(Beginning of Given records)
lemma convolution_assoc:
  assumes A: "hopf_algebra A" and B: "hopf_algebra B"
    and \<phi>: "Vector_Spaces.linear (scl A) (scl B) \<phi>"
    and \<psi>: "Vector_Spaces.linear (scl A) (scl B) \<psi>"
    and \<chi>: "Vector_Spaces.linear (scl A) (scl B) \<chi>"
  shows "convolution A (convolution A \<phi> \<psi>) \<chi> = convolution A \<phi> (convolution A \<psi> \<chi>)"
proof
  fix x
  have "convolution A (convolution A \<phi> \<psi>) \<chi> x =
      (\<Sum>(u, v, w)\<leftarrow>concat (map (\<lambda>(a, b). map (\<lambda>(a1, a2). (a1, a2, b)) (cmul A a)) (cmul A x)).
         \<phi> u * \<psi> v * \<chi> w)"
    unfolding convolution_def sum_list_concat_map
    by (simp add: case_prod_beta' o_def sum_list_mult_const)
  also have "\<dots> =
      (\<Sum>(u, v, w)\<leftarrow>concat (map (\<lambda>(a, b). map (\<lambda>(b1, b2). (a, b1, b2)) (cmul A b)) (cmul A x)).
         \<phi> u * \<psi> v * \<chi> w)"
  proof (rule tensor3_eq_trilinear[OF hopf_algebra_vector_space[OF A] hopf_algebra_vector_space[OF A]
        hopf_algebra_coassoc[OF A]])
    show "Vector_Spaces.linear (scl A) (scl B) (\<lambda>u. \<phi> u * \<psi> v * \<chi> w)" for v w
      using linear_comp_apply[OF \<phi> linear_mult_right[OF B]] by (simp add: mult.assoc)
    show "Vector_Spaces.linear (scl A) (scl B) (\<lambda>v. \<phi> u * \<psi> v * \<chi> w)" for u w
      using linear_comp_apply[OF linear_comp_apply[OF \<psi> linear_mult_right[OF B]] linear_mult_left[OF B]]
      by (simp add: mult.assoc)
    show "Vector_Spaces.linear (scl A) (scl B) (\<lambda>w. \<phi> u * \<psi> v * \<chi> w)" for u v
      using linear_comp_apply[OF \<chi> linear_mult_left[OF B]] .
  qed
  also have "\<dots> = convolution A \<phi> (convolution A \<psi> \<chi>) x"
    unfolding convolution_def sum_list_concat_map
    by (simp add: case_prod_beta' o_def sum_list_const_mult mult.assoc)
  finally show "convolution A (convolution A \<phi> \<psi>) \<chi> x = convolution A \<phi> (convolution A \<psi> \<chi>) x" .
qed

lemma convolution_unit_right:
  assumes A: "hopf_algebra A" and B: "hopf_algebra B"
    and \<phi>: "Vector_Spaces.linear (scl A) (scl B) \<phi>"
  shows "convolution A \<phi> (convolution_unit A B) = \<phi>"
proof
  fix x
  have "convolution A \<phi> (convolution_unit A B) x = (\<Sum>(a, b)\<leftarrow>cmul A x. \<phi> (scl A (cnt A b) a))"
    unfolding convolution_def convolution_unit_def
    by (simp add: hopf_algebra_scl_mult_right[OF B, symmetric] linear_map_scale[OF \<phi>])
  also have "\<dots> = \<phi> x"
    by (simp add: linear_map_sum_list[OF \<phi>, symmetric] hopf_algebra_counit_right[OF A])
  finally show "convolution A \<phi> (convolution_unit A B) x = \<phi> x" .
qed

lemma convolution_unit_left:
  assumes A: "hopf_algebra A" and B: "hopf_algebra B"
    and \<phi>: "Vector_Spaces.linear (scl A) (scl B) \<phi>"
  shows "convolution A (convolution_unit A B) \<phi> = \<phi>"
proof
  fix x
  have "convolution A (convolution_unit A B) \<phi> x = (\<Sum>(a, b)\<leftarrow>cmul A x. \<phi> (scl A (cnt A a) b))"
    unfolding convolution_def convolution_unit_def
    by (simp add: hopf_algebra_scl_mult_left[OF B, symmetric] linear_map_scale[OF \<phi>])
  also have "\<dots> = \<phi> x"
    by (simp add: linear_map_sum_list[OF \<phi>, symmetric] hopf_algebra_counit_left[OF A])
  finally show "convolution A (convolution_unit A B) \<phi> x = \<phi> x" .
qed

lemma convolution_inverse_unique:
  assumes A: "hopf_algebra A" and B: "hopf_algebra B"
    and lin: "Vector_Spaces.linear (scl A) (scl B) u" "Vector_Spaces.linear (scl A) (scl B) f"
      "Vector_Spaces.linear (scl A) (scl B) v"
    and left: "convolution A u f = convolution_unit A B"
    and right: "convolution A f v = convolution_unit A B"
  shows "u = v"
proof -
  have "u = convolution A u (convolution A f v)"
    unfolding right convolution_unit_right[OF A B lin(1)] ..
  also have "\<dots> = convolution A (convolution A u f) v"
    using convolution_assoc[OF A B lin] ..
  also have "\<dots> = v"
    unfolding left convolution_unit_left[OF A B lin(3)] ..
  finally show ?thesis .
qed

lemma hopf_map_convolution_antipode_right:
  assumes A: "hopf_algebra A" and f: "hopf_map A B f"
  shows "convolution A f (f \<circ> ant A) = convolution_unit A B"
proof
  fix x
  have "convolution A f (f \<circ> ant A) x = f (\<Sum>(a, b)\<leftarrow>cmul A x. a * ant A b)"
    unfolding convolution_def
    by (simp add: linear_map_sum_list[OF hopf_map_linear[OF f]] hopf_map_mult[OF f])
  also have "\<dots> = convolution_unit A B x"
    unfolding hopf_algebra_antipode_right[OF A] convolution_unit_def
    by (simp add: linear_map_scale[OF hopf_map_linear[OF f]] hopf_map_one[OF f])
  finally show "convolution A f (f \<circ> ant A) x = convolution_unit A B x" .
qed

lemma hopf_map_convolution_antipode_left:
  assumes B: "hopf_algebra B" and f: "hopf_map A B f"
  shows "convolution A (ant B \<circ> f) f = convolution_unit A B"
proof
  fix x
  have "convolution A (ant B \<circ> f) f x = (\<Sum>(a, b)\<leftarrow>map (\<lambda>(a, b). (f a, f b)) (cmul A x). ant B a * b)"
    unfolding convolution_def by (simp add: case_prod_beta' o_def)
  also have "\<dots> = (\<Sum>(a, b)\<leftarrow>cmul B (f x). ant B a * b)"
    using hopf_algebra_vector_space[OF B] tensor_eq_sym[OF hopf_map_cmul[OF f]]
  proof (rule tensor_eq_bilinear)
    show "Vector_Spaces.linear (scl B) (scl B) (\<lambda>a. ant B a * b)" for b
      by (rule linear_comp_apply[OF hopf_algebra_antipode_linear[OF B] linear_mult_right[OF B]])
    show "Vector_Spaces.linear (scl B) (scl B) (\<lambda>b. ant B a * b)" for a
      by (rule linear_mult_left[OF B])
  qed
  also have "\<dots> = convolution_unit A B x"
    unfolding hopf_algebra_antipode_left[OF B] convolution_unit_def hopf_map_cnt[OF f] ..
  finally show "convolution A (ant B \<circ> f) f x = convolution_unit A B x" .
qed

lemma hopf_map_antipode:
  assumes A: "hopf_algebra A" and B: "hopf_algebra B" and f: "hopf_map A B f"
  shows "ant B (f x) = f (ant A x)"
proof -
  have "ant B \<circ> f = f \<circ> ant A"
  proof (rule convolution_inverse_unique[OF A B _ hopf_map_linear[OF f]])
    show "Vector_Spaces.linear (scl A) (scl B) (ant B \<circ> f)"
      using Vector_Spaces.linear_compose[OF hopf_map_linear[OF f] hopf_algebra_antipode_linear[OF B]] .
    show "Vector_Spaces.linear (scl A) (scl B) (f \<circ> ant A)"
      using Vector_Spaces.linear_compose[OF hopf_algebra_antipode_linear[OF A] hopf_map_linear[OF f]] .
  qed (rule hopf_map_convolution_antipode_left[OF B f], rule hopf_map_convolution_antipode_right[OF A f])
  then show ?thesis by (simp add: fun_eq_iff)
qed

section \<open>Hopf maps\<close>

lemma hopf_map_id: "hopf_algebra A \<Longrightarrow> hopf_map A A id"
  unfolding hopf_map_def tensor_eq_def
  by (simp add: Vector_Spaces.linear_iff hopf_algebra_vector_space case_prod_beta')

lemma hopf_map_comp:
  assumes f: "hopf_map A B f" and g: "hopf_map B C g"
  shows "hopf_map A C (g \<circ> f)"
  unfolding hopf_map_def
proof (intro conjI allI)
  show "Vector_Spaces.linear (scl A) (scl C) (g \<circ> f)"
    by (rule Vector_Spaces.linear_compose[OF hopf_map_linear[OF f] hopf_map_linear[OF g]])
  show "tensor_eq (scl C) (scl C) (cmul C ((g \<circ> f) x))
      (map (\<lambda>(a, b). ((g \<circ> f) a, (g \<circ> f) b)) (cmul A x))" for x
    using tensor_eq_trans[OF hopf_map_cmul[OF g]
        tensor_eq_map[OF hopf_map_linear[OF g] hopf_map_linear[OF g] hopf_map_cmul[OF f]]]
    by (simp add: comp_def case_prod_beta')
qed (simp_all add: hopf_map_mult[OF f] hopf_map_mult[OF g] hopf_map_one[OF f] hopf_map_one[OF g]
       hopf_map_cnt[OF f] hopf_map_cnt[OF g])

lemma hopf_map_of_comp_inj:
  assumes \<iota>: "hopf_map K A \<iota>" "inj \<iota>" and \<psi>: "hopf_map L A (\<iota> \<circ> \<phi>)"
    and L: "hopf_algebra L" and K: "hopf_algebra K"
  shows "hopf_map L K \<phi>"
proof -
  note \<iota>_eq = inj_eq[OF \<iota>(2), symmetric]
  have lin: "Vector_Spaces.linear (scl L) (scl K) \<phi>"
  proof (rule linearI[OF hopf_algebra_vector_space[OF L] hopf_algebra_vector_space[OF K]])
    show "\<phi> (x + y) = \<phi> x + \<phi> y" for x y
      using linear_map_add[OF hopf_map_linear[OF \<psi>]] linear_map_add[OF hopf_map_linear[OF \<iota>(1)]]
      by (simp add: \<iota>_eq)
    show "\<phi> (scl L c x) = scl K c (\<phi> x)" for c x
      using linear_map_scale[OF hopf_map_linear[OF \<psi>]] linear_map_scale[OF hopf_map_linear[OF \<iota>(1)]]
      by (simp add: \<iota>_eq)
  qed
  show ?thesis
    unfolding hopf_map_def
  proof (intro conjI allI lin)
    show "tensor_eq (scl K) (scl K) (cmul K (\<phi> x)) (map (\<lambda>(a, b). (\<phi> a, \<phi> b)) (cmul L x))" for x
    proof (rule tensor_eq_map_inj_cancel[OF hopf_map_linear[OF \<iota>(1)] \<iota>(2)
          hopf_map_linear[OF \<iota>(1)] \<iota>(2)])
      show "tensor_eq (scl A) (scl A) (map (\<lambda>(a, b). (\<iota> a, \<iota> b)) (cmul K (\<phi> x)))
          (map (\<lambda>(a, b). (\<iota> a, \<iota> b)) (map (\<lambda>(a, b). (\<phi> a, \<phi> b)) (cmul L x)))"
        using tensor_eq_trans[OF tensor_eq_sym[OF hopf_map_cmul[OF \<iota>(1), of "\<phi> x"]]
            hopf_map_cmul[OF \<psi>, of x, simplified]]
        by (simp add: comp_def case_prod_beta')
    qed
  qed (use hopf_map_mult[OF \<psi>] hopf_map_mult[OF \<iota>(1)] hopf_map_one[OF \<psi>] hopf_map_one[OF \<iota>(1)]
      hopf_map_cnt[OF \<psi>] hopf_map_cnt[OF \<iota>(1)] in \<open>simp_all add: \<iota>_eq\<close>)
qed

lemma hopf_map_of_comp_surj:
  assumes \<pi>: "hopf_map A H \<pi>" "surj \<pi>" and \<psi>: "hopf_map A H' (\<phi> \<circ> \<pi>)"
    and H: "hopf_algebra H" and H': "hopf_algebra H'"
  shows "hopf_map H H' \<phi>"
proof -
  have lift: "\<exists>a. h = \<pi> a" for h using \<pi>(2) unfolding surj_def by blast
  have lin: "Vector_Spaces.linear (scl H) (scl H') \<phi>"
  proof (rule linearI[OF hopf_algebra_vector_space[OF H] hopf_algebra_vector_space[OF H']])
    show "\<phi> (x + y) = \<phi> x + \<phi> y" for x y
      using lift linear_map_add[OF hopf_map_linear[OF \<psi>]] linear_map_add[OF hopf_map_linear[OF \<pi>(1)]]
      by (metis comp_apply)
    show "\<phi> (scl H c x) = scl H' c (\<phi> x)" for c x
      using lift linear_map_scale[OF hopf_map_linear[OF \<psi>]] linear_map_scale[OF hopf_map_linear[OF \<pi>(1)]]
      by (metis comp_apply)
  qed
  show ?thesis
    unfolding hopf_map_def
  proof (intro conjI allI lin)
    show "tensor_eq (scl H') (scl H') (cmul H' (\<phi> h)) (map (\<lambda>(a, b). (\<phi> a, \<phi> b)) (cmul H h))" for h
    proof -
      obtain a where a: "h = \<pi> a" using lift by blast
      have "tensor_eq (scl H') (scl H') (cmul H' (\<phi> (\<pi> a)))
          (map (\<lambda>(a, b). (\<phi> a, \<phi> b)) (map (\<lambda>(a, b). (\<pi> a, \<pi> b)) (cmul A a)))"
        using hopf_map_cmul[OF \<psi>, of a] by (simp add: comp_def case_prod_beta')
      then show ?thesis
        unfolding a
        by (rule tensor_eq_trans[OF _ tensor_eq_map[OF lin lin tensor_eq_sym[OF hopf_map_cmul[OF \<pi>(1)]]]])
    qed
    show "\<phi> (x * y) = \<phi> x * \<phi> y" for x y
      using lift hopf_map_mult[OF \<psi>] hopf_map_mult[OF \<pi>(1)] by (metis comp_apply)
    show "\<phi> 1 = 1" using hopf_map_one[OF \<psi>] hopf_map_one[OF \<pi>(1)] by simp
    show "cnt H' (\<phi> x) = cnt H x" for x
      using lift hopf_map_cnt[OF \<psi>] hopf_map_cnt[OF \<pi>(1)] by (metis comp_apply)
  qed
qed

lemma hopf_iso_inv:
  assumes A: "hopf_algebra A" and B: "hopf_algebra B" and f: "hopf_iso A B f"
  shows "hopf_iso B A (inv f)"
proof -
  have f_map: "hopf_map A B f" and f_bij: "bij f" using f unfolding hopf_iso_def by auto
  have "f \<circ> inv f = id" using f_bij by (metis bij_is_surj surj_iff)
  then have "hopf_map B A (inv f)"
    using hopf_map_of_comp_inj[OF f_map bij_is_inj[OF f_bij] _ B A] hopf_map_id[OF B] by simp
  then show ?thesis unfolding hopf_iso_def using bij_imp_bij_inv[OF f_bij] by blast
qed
(End of Given records)
▸ **Problem**
Set down exactly the lines that begin the records and continue through the line bearing "a)) (cmul A x))."; include both ends.

▸ **Task result**
lemma convolution_assoc:
  assumes A: "hopf_algebra A" and B: "hopf_algebra B"
    and \<phi>: "Vector_Spaces.linear (scl A) (scl B) \<phi>"
    and \<psi>: "Vector_Spaces.linear (scl A) (scl B) \<psi>"
    and \<chi>: "Vector_Spaces.linear (scl A) (scl B) \<chi>"
  shows "convolution A (convolution A \<phi> \<psi>) \<chi> = convolution A \<phi> (convolution A \<psi> \<chi>)"
proof
  fix x
  have "convolution A (convolution A \<phi> \<psi>) \<chi> x =
      (\<Sum>(u, v, w)\<leftarrow>concat (map (\<lambda>(a, b). map (\<lambda>(a1, a2). (a1, a2, b)) (cmul A a)) (cmul A x)).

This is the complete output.